Wednesday, March 14, 2012

Stories of making shaman drums


My ideas for making shaman, or journey, drums usually comes from some unexpected experience or insight—which is how most of my interactions with the spirit world occur. Something happens, I notice the something has a special shimmer in its timing or meaning, I make something in response, later I realize the entire process was directed without my conscious control or planning. These three drums are good examples of spirit directing the making, finishing and painting of my shamanic drums.

The pebble drum was made by a committee. Two women arranged a drum making workshop on Cortes Island, and as the days unfolded, we found ourselves all working equally on two hides, so in a way that feels inherently female, no one owned the drum skins, yet each was responsible for stewarding its becoming a drum. The little pebble inside the smoke tan pouch honors the value of small parts that are also being a part of a larger whole.

The eight-fold path drum didn’t want to be a turtle. When I completed the interlacement pattern on the back of this frame drum, I began pushing the lacing into various arrangements, and decided I could wrap the strands into the shape of a turtle. I spent many months trying to make this pattern into a turtle; each time only to be stymied by thongs that had nowhere to complete, or knots that couldn’t be hidden. Sometimes a drum knows who it is long before I do.
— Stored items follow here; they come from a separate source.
(* Let $\Sigma=\mathbb{S}^{n-1}\times\mathbb{R}\subset\mathbb{R}^{n+1}$ be a self-shrinker, with $x_n$ the coordinate on the $\mathbb{R}$ factor. For each $a\in[0,\sqrt2)$, the region $\{x_n>a\}\subset\Sigma$ is unstable. Moreover, for each such $a$ there exists $b_a>a$ such that the region $\{a<x_n<b\}\subset\Sigma$ is unstable for every $b>b_a$.
   Context: $\mathbb{S}^{n-1}$ is the round sphere of radius $\sqrt{2(n-1)}$ centered at the origin of $\mathbb{R}^n$. Stability operator: $Lf=\Delta f-\tfrac12\langle\vec x,\nabla f\rangle+(|A|^2+\tfrac12)f$. A region $\Omega$ is stable if there exists a function $u$ with $Lu=0$ and $u>0$ on $\Omega$; it is unstable otherwise. For a bounded region, instability means $L$ has a negative Dirichlet eigenvalue there (eigenvalue convention $Lu=-\lambda u$). *)

theory Defs
  imports "HOL-Analysis.Analysis"
begin

text \<open>Ambient space R^(n+1) = R^n x R, with R^n modelled by a euclidean space 'a,
  n = DIM('a). The last coordinate x_n is snd.\<close>

definition cyl_rad :: "'a::euclidean_space itself \<Rightarrow> real" where
  "cyl_rad T = sqrt (2 * (real DIM('a) - 1))"

definition cyl :: "('a::euclidean_space \<times> real) set" where
  "cyl = {p. norm (fst p) = cyl_rad TYPE('a)}"

text \<open>|A|^2 of the cylinder: principal curvatures 1/r (multiplicity n-1) and 0.\<close>
definition cyl_A2 :: "'a::euclidean_space itself \<Rightarrow> real" where
  "cyl_A2 T = (real DIM('a) - 1) / (cyl_rad T)^2"

text \<open>Extension of a function on Sigma constant along rays from the axis (0-homogeneous in y).
  For such an extension, the Euclidean Laplacian at a point of Sigma equals the
  Laplace-Beltrami operator of Sigma, and the Euclidean gradient is the tangential gradient.\<close>
definition cyl_ext :: "('a::euclidean_space \<times> real \<Rightarrow> real) \<Rightarrow> ('a \<times> real \<Rightarrow> real)" where
  "cyl_ext u = (\<lambda>(y, z). u ((cyl_rad TYPE('a) / norm y) *\<^sub>R y, z))"
lemma sum_prob_unicyclic_events_le:
  assumes n: "0 < n1" "n1 \<le> n2" and p: "p = d / sqrt (real n1 * real n2)" "p \<le> 1" and d: "d > 1"
    and L: "L \<ge> 0"
  shows "(\<Sum>AB \<in> small_balanced_pairs n1 n2 L (2 * p * real n2).
      measure_pmf.prob (bip_random n1 n2 p) (unicyclic_component_event n1 n2 (fst AB) (snd AB)))
    \<le> sbu_expectation_bound d (p * real n2) p L"
proof -
  let ?S = "small_balanced_pairs n1 n2 L (2 * p * real n2)"
  let ?sizes = "small_balanced_sizes n1 n2 L (2 * p * real n2)"
  let ?c = "4 * (p * real n2) / (ln_gap d)\<^sup>2 * exp (4 * p * (p * real n2) * L\<^sup>2)"
  have p0: "0 < p" using n d by (simp add: p)
  have "(\<Sum>AB \<in> ?S. measure_pmf.prob (bip_random n1 n2 p) (unicyclic_component_event n1 n2 (fst AB) (snd AB)))
      \<le> (\<Sum>AB \<in> ?S. unicyclic_weight n1 n2 p (card (fst AB)) (card (snd AB)))"
    using p0 p(2) by (intro sum_mono) (auto simp: small_balanced_pairs_def prob_unicyclic_component_event_le)
  also have "\<dots> = (\<Sum>ab \<in> ?sizes. real (n1 choose fst ab) * real (n2 choose snd ab)
      * unicyclic_weight n1 n2 p (fst ab) (snd ab))"
    by (rule sum_small_balanced_pairs_by_card)
  also have "\<dots> \<le> (\<Sum>ab \<in> ?sizes. ?c)"
  proof (rule sum_mono)
    fix ab assume "ab \<in> ?sizes"
    moreover obtain a b where ab_eq: "ab = (a, b)" by (cases ab)
    ultimately have ab: "a \<le> n1" "b \<le> n2" "real a \<le> L" and bal: "real b \<le> 2 * p * real n2 * real a"
      by (auto simp: small_balanced_sizes_def)
    have "real b \<le> 2 * p * real n2 * L"
      using p0 by (intro order_trans[OF bal] mult_left_mono ab(3)) auto
    then have "real a * real b \<le> L * (2 * p * real n2 * L)" using ab(3) by (intro mult_mono) auto
    then have "2 * p * (real a * real b) \<le> 2 * p * (L * (2 * p * real n2 * L))"
      using p0 by (intro mult_left_mono) auto
    then have exponent: "2 * p * real a * real b \<le> 4 * p * (p * real n2) * L\<^sup>2"
      by (simp add: power2_eq_square mult_ac)
    have "real (n1 choose a) * real (n2 choose b) * unicyclic_weight n1 n2 p a b
        \<le> 4 * (p * real n2) / (ln_gap d)\<^sup>2 * exp (2 * p * real a * real b)"
      by (rule binomials_unicyclic_weight_le[OF n p d ab(1,2) bal])
    also have "\<dots> \<le> ?c"
      using exponent p0 by (intro mult_left_mono) auto
    finally show "real (n1 choose fst ab) * real (n2 choose snd ab)
        * unicyclic_weight n1 n2 p (fst ab) (snd ab) \<le> ?c" by (simp add: ab_eq)
  qed
  also have "\<dots> = real (card ?sizes) * ?c" by simp
  also have "\<dots> \<le> (L + 1) * (2 * p * real n2 * L + 1) * ?c"
    using card_small_balanced_sizes_le[OF L, of "2 * p * real n2"] p0 by (intro mult_right_mono) auto
  finally show ?thesis by (simp add: sbu_expectation_bound_def mult.assoc)
qed

lemma prob_num_sbu_le_ge:
  assumes n: "0 < n1" "n1 \<le> n2" and p: "p = d / sqrt (real n1 * real n2)" "p \<le> 1" and d: "d > 1"
    and \<beta>0: "\<beta>0 \<ge> 0" and t: "t > 0"
  shows "1 - sbu_expectation_bound d (p * real n2) p (\<beta>0 * (ln (real n1))\<^sup>2) / t
    \<le> measure_pmf.prob (bip_random n1 n2 p) {G. real (num_sbu \<beta>0 p n1 n2 G) \<le> t}"
proof -
  let ?L = "\<beta>0 * (ln (real n1))\<^sup>2"
  let ?Y = "\<lambda>G. card {AB \<in> small_balanced_pairs n1 n2 ?L (2 * p * real n2).
    G \<in> unicyclic_component_event n1 n2 (fst AB) (snd AB)}"
  have "measure_pmf.prob (bip_random n1 n2 p) {G. t < real (num_sbu \<beta>0 p n1 n2 G)}
      \<le> measure_pmf.prob (bip_random n1 n2 p) {G. t \<le> real (?Y G)}"
    using num_sbu_le_card_events[of \<beta>0 p n1 n2]
    by (intro measure_pmf.finite_measure_mono) (auto intro: order.trans[OF less_imp_le])
  also have "\<dots> \<le> (\<Sum>AB \<in> small_balanced_pairs n1 n2 ?L (2 * p * real n2).
      measure_pmf.prob (bip_random n1 n2 p) (unicyclic_component_event n1 n2 (fst AB) (snd AB))) / t"
    by (rule prob_card_events_ge_le[OF finite_small_balanced_pairs t])
  also have "\<dots> \<le> sbu_expectation_bound d (p * real n2) p ?L / t"
    using sum_prob_unicyclic_events_le[OF n p d] \<beta>0 t by (intro divide_right_mono) auto
  finally show ?thesis
    using measure_pmf.prob_compl[of "{G. t < real (num_sbu \<beta>0 p n1 n2 G)}" "bip_random n1 n2 p"]
    by (simp add: Compl_eq_Diff_UNIV[symmetric] Collect_neg_eq[symmetric] not_less)
qed

lemma edge_prob_scaling:
  assumes ratio: "real n1 = lam * real n2" and lam: "0 < lam" and n1: "0 < n1"
  shows "d / sqrt (real n1 * real n2) * real n2 = d / sqrt lam"
    and "d / sqrt (real n1 * real n2) = d / sqrt lam * lam / real n1"
proof -
  obtain s where s: "0 < s" "sqrt lam = s" "lam = s\<^sup>2" using lam by (metis real_sqrt_gt_0_iff real_sqrt_pow2 less_le)
  have n2: "0 < real n2"
  proof (rule ccontr)
    assume "\<not> 0 < real n2"
    then show False using ratio n1 by simp
  qed
  have sq: "sqrt (real n1 * real n2) = s * real n2"
    using s n2 by (intro real_sqrt_unique) (auto simp: ratio power2_eq_square)
  show "d / sqrt (real n1 * real n2) * real n2 = d / sqrt lam"
    and "d / sqrt (real n1 * real n2) = d / sqrt lam * lam / real n1"
    unfolding sq using s n2 by (auto simp: ratio field_simps power2_eq_square)
qed

lemma prob_num_sbu_le_ge_scaled:
  assumes ratio: "real n1 = lam * real n2" and lam: "0 < lam" "lam \<le> 1" and d: "d > 1"
    and \<beta>0: "\<beta>0 \<ge> 0" and n1: "0 < n1" "d / sqrt lam * lam \<le> real n1" and t: "t > 0"
  shows "1 - sbu_expectation_bound d (d / sqrt lam) (d / sqrt lam * lam / real n1) (\<beta>0 * (ln (real n1))\<^sup>2) / t
    \<le> measure_pmf.prob (bip_random n1 n2 (d / sqrt (real n1 * real n2)))
        {G. real (num_sbu \<beta>0 (d / sqrt (real n1 * real n2)) n1 n2 G) \<le> t}"
proof -
  note scaling = edge_prob_scaling[OF ratio lam(1) n1(1), of d]
  have "real n1 \<le> real n2" unfolding ratio using lam by (intro mult_left_le_one_le) auto
  then have n12: "n1 \<le> n2" by simp
  have p: "d / sqrt (real n1 * real n2) \<le> 1"
    unfolding scaling(2) using n1 by (subst divide_le_eq_1_pos) auto
  have "sbu_expectation_bound d (d / sqrt (real n1 * real n2) * real n2) (d / sqrt (real n1 * real n2))
      = sbu_expectation_bound d (d / sqrt lam) (d / sqrt lam * lam / real n1)"
    by (subst scaling(1), subst scaling(2), rule refl)
  with prob_num_sbu_le_ge[OF n1(1) n12 refl p d \<beta>0 t] show ?thesis by (simp only:)
qed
The star drum received its name in a magical experience of concordance that I tell on its purchase a journey drum page on my Journey Oracle website, but the painting came in response to an invitation to exhibit a piece of my art in a show titled, “me and my shadow.” Because I never know who or what is going to appear when I gaze into a drum, and because I have a contract with the spirit world not to control or edit what I see—I don’t paint very many drums. At first I found this image quite unsettling, and yet the more I looked, the more I felt the protective kindness of the spirit animal guide, especially in its willingness to share its eye with a human. I wonder how many of us humans offer an eye to an animal in this reality—given the necessity of equality and generosity that this would require.